Most renamings by the Azerbaijani government occurred during the First Nagorno-Karabakh War, as a way to, as Saparov explains "to reinstate the symbolic authority of Azerbaijan over this disputed secessionist territory and as a result targeted what they perceived as Armenian place-names". Out of 208 toponyms recorded by the Azerbaijani authorities in the territory of Karabakh, 81 were renamed and 127 remained unchanged. The main goal was to remove toponyms that could, in any way, support the territorial claims of the Armenians. Following the Second Nagorno-Karabakh War, the Azerbaijani government successfully petitioned Google to remove Armenian place names from maps of Karabakh.
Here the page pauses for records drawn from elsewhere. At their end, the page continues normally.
text \<open>Since \<open>p, q\<close> are coprime and \<open>P0, P1 \<ge> 2pq\<close>, one can write \<open>P0 = k0 p + l0 q\<close> and
  \<open>P1 = k1 p + l1 q\<close> with \<open>k1 < q < k0\<close> and \<open>l0 < p < l1\<close>. Write \<open>f 0 = a \<otimes> 1\<^sub>q\<close> and
  \<open>f 1 = 1\<^sub>p \<otimes> b\<close>. Sending \<open>f\<close> to a block diagonal function in \<open>C([0,1]) \<otimes> M\<^sub>P\<^sub>0 \<otimes> M\<^sub>P\<^sub>1\<close>
  whose blocks are copies of \<open>f t\<close>, of \<open>a\<close> and of \<open>b\<close>, arranged suitably, gives a matrix of the form
  \<open>A \<otimes> 1\<close> at \<open>t = 0\<close> (with \<open>A = diag (a\<^sup>k\<^sup>0, b\<^sup>l\<^sup>0)\<close>) and one which a permutation \<open>\<sigma>\<close> of order two
  conjugates into \<open>1 \<otimes> B\<close> at \<open>t = 1\<close> (with \<open>B = diag (a\<^sup>k\<^sup>1, b\<^sup>l\<^sup>1)\<close>). Conjugating by a unitary
  path from \<open>1\<close> to the permutation matrix of \<open>\<sigma>\<close> (times \<open>\<i>\<close>) yields the embedding; it is
  injective because one block carries \<open>f t\<close> itself.\<close>

section \<open>Conjugation by a unitary path\<close>

definition mat_mult :: "nat \<Rightarrow> (nat \<Rightarrow> nat \<Rightarrow> complex) \<Rightarrow> (nat \<Rightarrow> nat \<Rightarrow> complex) \<Rightarrow> nat \<Rightarrow> nat \<Rightarrow> complex"
  where "mat_mult n A B = (\<lambda>i j. \<Sum>k<n. A i k * B k j)"
definition graph_iso :: "'a set \<Rightarrow> ('a \<Rightarrow> 'a \<Rightarrow> bool) \<Rightarrow> 'b set \<Rightarrow> ('b \<Rightarrow> 'b \<Rightarrow> bool) \<Rightarrow> bool" where
  "graph_iso V1 E1 V2 E2 \<longleftrightarrow> (\<exists>f. bij_betw f V1 V2 \<and> (\<forall>x\<in>V1. \<forall>y\<in>V1. E1 x y \<longleftrightarrow> E2 (f x) (f y)))"

end

theory Submission
  imports Defs
begin

(* A finite topology \<sigma> is the down-set topology of its specialization preorder
   (w below z iff w \<in> m(z)). Breaking the ties of this preorder by an injective ranking of
   the points gives a partial order whose down-set topology is finer than \<sigma> and T0, so its
   minimal open sets are pairwise distinct. It separates exactly the pairs \<sigma> separates.
   T1-separation of x and y only says that neither lies in the minimal open set of the other,
   which tie-breaking does not change. The other axioms are witnessed by disjoint open sets,
   and taking \<sigma>-open hulls keeps new open sets disjoint: if w lies in both hulls, the point of
   least rank among those indistinguishable from w lies below every point above w, hence in
   both new open sets; a new closed set around z is replaced by the \<sigma>-closure of z.
   Transporting \<sigma> to V along the graph isomorphism finishes the proof. *)

lemma finite_topology_Inter:
  assumes "finite_topology X \<sigma>" "F \<subseteq> \<sigma>" "F \<noteq> {}"
  shows "\<Inter>F \<in> \<sigma>"
proof -
  have "finite F"
    using assms(1,2) unfolding finite_topology_def by (meson finite_Pow_iff finite_subset)
  from this assms(3,2) show ?thesis
    by (induction F rule: finite_ne_induct) (use assms(1) in \<open>auto simp: finite_topology_def\<close>)
qed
The Armenian side has also initiated a renaming campaign, targeting Turkic place names. According to 2009 data from the de facto Republic of Artsakh, of a total of 151 place names, 54 were renamed and 97 remained unchanged. The difference in place names between the Armenian and Azerbaijani sides is because the Armenians used less detailed maps than the Soviet and Azerbaijani maps and also excluded a number of smaller settlements. Furthermore, the 2009 data also omits a number of Azerbaijani settlements that were destroyed during the First Nagorno-Karabakh War and were never rebuilt afterwards.
According to Saparov, both sides followed the same logic of "imposing a symbolic toponymic landscape that belonged to one of the ethnic groups on the disputed territory, in the process destroying the ‘enemy’ toponyms and thus denying any legitimacy to the opponent's territorial claim".
Populations of Tulipa armena found in the Karabakh mountain range have been called T. karabachensis.